The Day That Kept Expanding
Today started with a specific annoyance — Claude getting muddled with Apple framework code — and ended with a local AI study system that generates audio learning material for professional certifications.
I didn’t plan any of this as a single project. Each piece solved one problem, and each solution lined you up for the next — like a course where every fence sets the approach for the one after it. Fix the documentation access problem. Realise the fix is general-purpose. Add a local model. Realise the local model can do more than answer code questions. Add study material generation. Realise reading is a bottleneck. Add speech synthesis.
That’s the trajectory that makes local AI exciting right now. Not because any single piece is revolutionary, but because the pieces compose. A vector database is just a database until you connect it to a language model. A language model is just a chatbot until you give it domain-specific knowledge.

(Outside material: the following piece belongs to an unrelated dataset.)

(* Let $M \ge 3$ and $K \ge 2$ be integers, let $P_{\text{r}} > 0$, and let $\beta_1,\dots,\beta_K > 0$. Let $\mathbf{G} = \mathbf{H}\mathbf{D}^{1/2} \in \mathbb{C}^{M\times K}$, where $\mathbf{H}$ has i.i.d. $\mathcal{CN}(0,1)$ entries and $\mathbf{D} = \mathrm{diag}(\beta_1,\dots,\beta_K)$, and let $\mathbf{g}_i$ denote the $i$-th column of $\mathbf{G}$. For an integer $a$ and $t \in \{1,\dots,K-1\}$, let $j(a,t)$ be the unique element of $\{1,\dots,K\}$ congruent to $a+t$ modulo $K$. For $k \in \{1,\dots,K\}$ and $t \in \{1,\dots,K-1\}$, let $\mathcal{S}_{k,t} = \{ i \in \{1,\dots,K\} : j(i,t) \neq j(k,t) \text{ and } j(i,t) \neq j(k-t,t)\}$ and define $$\mathtt{R}^{\mathrm{dl},(t)}_{k} = \mathbb{E}\left\{\log_2\left(1 + \frac{\frac{P_{\text{r}}}{M\sum_{i=1}^K \beta_i}\|\mathbf{g}_k\|^4}{\frac{P_{\text{r}}}{M\sum_{i=1}^K \beta_i}\sum_{i\in\mathcal{S}_{k,t}} |\mathbf{g}_k^H\mathbf{g}_i|^2 + 1}\right)\right\},$$ the expectation being over $\mathbf{G}$. Then $$\mathtt{R}^{\mathrm{dl},(t)}_{k} \ \ge\ \log_2\left(1 + \frac{P_{\text{r}}(M-1)(M-2)\beta_k^2}{P_{\text{r}}(M-2)\beta_k\sum_{i\in\mathcal{S}_{k,t}}\beta_i + M\sum_{i=1}^K\beta_i}\right).$$
   Context: Model: a decode-and-forward multi-way relay with an $M$-antenna relay and $K$ single-antenna users; $\mathbf{G}$ is the user–relay channel, with small-scale fading $\mathbf{H}$ and large-scale fading coefficients $\beta_k$; $P_{\text{r}}$ is the normalized relay transmit power; the quantity $\mathtt{R}^{\mathrm{dl},(t)}_{k}$ is the downlink spectral efficiency of user $k$ in broadcast time-slot $t$ of the conventional protocol, where the relay sends $x_{j(k,t)}$ to user $k$ and user $k$ has removed its own symbol $x_k = x_{j(k-t,t)}$. Note $j(k-t,t)=k$. *)

theory Defs
  imports "HOL-Probability.Probability"
begin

Text-to-speech is just a novelty until you connect it to generated content worth listening to.
What’s Next
The obvious next step is making the conversation bidirectional. Right now, I ask Qwen questions and it explains things. But real learning isn’t one-directional. The most effective study technique I’ve ever used is being questioned — having someone probe whether I actually understand a concept or just recognise the words.
What if Qwen could ask me questions? Present a scenario from the VCAP objectives, ask me to explain the approach, then evaluate my answer against the source material in the knowledge base. Not a quiz with multiple-choice answers. An actual conversation where the AI probes my understanding, identifies gaps, and adapts its questions based on what I get wrong.
That’s not a massive technical leap from where I am today. The knowledge base exists. The conversational model exists. The evaluation capability exists. It’s mostly a matter of building the right prompting and conversation flow to tie them together.
And then there’s the question of where it runs. The Qwen3.5:27b model I’m using needs around 16GB of RAM — fine on my MacBook Air M4 with 32GB, but too large for a phone. However, the iPhone 17 Pro Max ships with 12GB of RAM, and a quantised Qwen3.5:9b model fits comfortably within that. Smaller than the 27B I’m running on the Mac, but backed by a focused knowledge base, a 9B model could hold a genuinely useful technical conversation. The pgvector database lives on my Mac, so the iPhone would need its own lightweight vector store — but for a focused dataset like one exam guide, that’s a solved problem. SQLite with vector extensions runs natively on iOS, and a single collection’s worth of embeddings is small enough to bundle with an app. I wouldn’t need pre-generated audio at all — just me, the dogs, and a pocket-sized subject matter expert. That’s the part I want to test next.
I started this morning with Claude getting muddled over HealthKit. I’m ending it thinking about having conversations with a local AI tutor on my morning walk. Some days the thread just keeps pulling. I should probably walk the actual dogs now. The horse won’t muck out its own stable either.